# ACTIVITY
Take the entries that follow and return exactly the lines from the one holding "zhat \<Rightarrow> zhat \<Rightarrow>" through the one holding "using Rep_zhat assms(1,2) by auto", both included. Nothing else is needed.

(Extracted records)
((

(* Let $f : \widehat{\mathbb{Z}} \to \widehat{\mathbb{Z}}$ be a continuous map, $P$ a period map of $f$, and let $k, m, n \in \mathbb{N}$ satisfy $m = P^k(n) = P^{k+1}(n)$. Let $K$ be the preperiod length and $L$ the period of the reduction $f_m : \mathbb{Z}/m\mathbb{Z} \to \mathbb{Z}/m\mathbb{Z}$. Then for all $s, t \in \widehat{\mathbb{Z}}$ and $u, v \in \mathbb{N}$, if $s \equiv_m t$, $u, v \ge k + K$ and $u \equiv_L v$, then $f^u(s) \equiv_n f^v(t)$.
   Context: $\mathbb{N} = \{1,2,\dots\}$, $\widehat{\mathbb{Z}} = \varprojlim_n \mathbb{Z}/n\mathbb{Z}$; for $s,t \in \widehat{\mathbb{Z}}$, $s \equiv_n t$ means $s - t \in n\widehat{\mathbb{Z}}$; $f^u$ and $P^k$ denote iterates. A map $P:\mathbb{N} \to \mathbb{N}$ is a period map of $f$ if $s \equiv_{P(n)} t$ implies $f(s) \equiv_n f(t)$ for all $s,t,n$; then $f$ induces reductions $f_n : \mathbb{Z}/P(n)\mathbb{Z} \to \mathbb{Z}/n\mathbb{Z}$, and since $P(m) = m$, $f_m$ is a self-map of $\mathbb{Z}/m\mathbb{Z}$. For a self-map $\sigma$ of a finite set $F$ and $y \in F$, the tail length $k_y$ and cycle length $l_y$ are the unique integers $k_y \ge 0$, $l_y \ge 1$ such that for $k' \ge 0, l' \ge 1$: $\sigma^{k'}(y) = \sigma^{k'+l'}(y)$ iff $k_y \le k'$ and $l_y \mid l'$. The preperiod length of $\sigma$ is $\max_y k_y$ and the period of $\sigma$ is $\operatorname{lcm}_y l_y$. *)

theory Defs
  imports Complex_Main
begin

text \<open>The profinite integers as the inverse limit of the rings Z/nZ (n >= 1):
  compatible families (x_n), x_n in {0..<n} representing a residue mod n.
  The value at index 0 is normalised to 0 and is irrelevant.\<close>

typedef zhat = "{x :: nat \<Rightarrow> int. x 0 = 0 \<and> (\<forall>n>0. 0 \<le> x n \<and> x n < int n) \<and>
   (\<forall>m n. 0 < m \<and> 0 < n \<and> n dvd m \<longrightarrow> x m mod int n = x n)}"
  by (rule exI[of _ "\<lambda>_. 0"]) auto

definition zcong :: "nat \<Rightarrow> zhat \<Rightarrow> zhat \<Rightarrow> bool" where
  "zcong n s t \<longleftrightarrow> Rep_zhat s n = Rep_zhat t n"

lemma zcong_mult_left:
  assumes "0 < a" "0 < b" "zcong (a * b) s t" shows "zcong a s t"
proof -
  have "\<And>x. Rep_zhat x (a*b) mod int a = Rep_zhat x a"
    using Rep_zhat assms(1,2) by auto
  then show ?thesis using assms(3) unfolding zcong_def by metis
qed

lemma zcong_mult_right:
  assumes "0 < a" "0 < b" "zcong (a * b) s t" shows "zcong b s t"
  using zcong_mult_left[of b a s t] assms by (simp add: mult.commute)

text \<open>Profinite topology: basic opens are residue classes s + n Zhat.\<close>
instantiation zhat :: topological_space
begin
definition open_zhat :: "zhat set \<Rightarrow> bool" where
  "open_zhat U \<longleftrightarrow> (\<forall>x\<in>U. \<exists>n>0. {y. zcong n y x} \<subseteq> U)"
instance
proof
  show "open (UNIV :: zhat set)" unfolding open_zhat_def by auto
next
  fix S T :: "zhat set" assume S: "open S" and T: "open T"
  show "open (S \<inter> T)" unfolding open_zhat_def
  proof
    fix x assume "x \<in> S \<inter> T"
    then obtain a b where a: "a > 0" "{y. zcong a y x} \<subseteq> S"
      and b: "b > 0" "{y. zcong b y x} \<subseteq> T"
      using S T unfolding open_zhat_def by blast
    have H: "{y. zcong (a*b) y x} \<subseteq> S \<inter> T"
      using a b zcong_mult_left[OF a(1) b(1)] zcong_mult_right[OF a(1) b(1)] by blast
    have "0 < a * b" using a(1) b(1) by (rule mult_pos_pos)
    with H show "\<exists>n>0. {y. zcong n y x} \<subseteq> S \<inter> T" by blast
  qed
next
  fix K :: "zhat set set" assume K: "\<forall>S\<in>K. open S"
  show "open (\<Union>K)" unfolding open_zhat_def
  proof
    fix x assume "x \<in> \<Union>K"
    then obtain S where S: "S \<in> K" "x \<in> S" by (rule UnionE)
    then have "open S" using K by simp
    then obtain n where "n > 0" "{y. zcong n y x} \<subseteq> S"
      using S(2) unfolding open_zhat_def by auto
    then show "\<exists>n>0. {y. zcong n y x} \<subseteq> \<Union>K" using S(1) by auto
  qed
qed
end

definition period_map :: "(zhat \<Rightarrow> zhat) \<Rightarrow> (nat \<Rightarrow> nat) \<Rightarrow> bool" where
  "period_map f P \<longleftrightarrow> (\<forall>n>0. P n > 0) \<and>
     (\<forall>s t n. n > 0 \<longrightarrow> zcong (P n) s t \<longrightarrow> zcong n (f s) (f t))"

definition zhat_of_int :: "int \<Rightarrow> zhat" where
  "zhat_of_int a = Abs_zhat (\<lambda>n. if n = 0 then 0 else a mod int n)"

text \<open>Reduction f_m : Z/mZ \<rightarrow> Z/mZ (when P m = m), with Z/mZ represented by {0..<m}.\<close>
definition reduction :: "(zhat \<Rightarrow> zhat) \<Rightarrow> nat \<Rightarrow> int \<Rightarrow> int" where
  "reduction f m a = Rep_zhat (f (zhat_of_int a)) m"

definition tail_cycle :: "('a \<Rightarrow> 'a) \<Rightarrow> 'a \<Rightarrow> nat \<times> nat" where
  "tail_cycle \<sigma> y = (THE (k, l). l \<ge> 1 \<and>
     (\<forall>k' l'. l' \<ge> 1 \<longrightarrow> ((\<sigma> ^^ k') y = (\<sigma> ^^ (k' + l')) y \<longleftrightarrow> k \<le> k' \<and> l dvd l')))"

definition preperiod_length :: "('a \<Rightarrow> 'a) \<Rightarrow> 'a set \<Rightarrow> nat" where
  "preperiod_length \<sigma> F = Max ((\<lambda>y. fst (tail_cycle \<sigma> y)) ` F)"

))

# TASK RESPONSE
definition zcong :: "nat \<Rightarrow> zhat \<Rightarrow> zhat \<Rightarrow> bool" where
  "zcong n s t \<longleftrightarrow> Rep_zhat s n = Rep_zhat t n"

lemma zcong_mult_left:
  assumes "0 < a" "0 < b" "zcong (a * b) s t" shows "zcong a s t"
proof -
  have "\<And>x. Rep_zhat x (a*b) mod int a = Rep_zhat x a"
    using Rep_zhat assms(1,2) by auto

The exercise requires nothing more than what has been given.